On Thu, 4 Apr 2019 at 15:11, Sander De Smalen via llvm-dev
<llvm-dev at lists.llvm.org> wrote:
>
> Hi all,
>
>
>
> While working on a patch to improve codegen for fadd reductions on AArch64, I stumbled upon an outstanding issue with the experimental.vector.reduce.fadd/fmul intrinsics where the accumulator argument is ignored when fast-math is set on the intrinsic call. This behaviour is described in the LangRef (https://www.llvm.org/docs/LangRef.html#id1905) and is mentioned in https://bugs.llvm.org/show_bug.cgi?id=36734 and further discussed in D45336 and D59356.
>
>
>
> This means that for example:
>
>     %res = call fast float @llvm.experimental.vector.reduce.fadd.f32.v4f32(float undef, <4 x float> %v)
>
>
>
> does not result in %res being 'undef', but rather a reduction of <4 x float> %v.

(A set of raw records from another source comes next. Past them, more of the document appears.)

lemma cycle_two_paths:
  assumes C: "is_cycle V E c" and xy: "x \<in> set c" "y \<in> set c" "x \<noteq> y"
  obtains R1 R2 where "is_path V E R1" "hd R1 = x" "last R1 = y" "is_path V E R2" "hd R2 = x"
    "last R2 = y" "path_len R1 + path_len R2 = length c" "set R1 \<subseteq> set c" "set R2 \<subseteq> set c"
proof -
  obtain i j where ij: "i < length c" "j < length c" "c ! i = x" "c ! j = y"
    using xy by (metis in_set_conv_nth)
  with xy(3) consider "i < j" | "j < i" by (metis linorder_neqE_nat)
  then show ?thesis
  proof cases
    case 1
    with C ij show ?thesis by (metis that cycle_two_arcs)
  next
    case 2
    obtain R1 R2 where "is_path V E R1" "hd R1 = y" "last R1 = x" "is_path V E R2" "hd R2 = y"
      "last R2 = x" "path_len R1 + path_len R2 = length c" "set R1 \<subseteq> set c" "set R2 \<subseteq> set c"
      using cycle_two_arcs[OF C 2 ij(1)] ij by metis
    moreover from this have "R1 \<noteq> []" "R2 \<noteq> []" by (auto simp: is_path_def)
    ultimately show ?thesis
      using that[of "rev R1" "rev R2"] by (simp add: hd_rev last_rev)
  qed
qed

lemma odd_cycle_path_parity:
  assumes "is_cycle V E c" "odd (length c)" "x \<in> set c" "y \<in> set c" "x \<noteq> y"
  obtains T where "is_path V E T" "hd T = x" "last T = y" "set T \<subseteq> set c" "even (path_len T) = b"
proof -
  obtain R1 R2 where R: "is_path V E R1" "hd R1 = x" "last R1 = y" "is_path V E R2" "hd R2 = x"
    "last R2 = y" "path_len R1 + path_len R2 = length c" "set R1 \<subseteq> set c" "set R2 \<subseteq> set c"
    using cycle_two_paths[OF assms(1,3-5)] by metis
  have "odd (path_len R1 + path_len R2)" using R(7) assms(2) by simp
  then have "even (path_len R1) \<noteq> even (path_len R2)" by simp
  then show ?thesis using that R by (cases "even (path_len R1) = b") auto
qed

section \<open>Bisubdivisions of K_{2,3}\<close>

lemma even_path_split:
  assumes r: "is_path V E r" "hd r = u" "last r = w" "u \<noteq> w" "even (path_len r)"
  shows "is_path V E [u, r ! 1]" "is_path V E (drop 1 r)" "hd (drop 1 r) = r ! 1" "last (drop 1 r) = w"
    "odd (path_len (drop 1 r))" "r ! 1 \<in> set r - {u, w}" "internal (drop 1 r) \<subseteq> set r - {u, w, r ! 1}"
proof -
  obtain x xs where "r = x # xs" using r(1) by (cases r) (auto simp: is_path_def)
  with r(2-4) obtain m rest where mr: "r = u # m # rest" by (cases xs) auto
  with r(5) have "rest \<noteq> []" by (auto simp: path_len_def)
  with mr r(3) have w: "last rest = w" by simp
  have "walk V E r" "distinct r" using r(1) by (simp_all add: is_path_iff_walk)
  then have "walk V E (take 2 r)" "walk V E (drop 1 r)"
    using walk_take_drop(1)[of V E r 2] walk_take_drop(2)[of V E r 1] mr by simp_all
  with \<open>distinct r\<close> show "is_path V E [u, r ! 1]" "is_path V E (drop 1 r)"
    using mr by (simp_all add: is_path_iff_walk)
  show "hd (drop 1 r) = r ! 1" "last (drop 1 r) = w" "odd (path_len (drop 1 r))"
    using mr w r(5) \<open>rest \<noteq> []\<close> by (auto simp: path_len_def)
  have "w \<in> set rest" "w \<notin> set (butlast rest)"
    using w \<open>rest \<noteq> []\<close> \<open>distinct r\<close> mr distinct_last_notin_butlast[of rest] by auto
  with \<open>distinct r\<close> show "r ! 1 \<in> set r - {u, w}" "internal (drop 1 r) \<subseteq> set r - {u, w, r ! 1}"
    using mr by (auto simp: internal_def dest: in_set_butlastD)
qed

The definition of these intrinsics are different from their corresponding SelectionDAG nodes which explicitly split out a non-strict VECREDUCE_FADD that explicitly does not take a start-value operand, and a VECREDUCE_STRICT_FADD which does.
>
>
>
> With the vector reduction intrinsics still experimental, I would like to propose to change this behaviour. I would also like to take this opportunity to ask what other changes are required, so that we can make an effort towards dropping the 'experimental' prefix at some point.

Big +1 for removing this pitfall. It's a very counterintuitive design
IMO and is partially responsible for some unnecessarily complex code
in the Rust compiler, so I'd be happy to see it go.

>
>
>
> Proposed change:
>
> ----------------------------
>
> In this RFC I propose changing the intrinsics for llvm.experimental.vector.reduce.fadd and llvm.experimental.vector.reduce.fmul (see options A and B). I also propose renaming the 'accumulator' operand to 'start value' because for fmul this is the start value of the reduction, rather than a value to which the fmul reduction is accumulated into.
>
>
>
> [Option A] Always using the start value operand in the reduction (https://reviews.llvm.org/D60261)
>
>
>
>   declare float @llvm.experimental.vector.reduce.v2.fadd.f32.v4f32(float %start_value, <4 x float> %vec)
>
>
>
> This means that if the start value is 'undef', the result will be undef and all code creating such a reduction will need to ensure it has a sensible start value (e.g. 0.0 for fadd, 1.0 for fmul). When using 'fast' or ‘reassoc’ on the call it will be implemented using an unordered reduction, otherwise it will be implemented with an ordered reduction. Note that a new intrinsic is required to capture the new semantics. In this proposal the intrinsic is prefixed with a 'v2' for the time being, with the expectation this will be dropped when we remove 'experimental' from the reduction intrinsics in the future.

I like that this option will allow some code (e.g., frontends,
constant folding, certain instcombines) to treat unordered reductions
as essentially the same as ordered ones without having to go out its
way to cover two different intrinsics with slightly different argument
lists.

Cheers,
Robin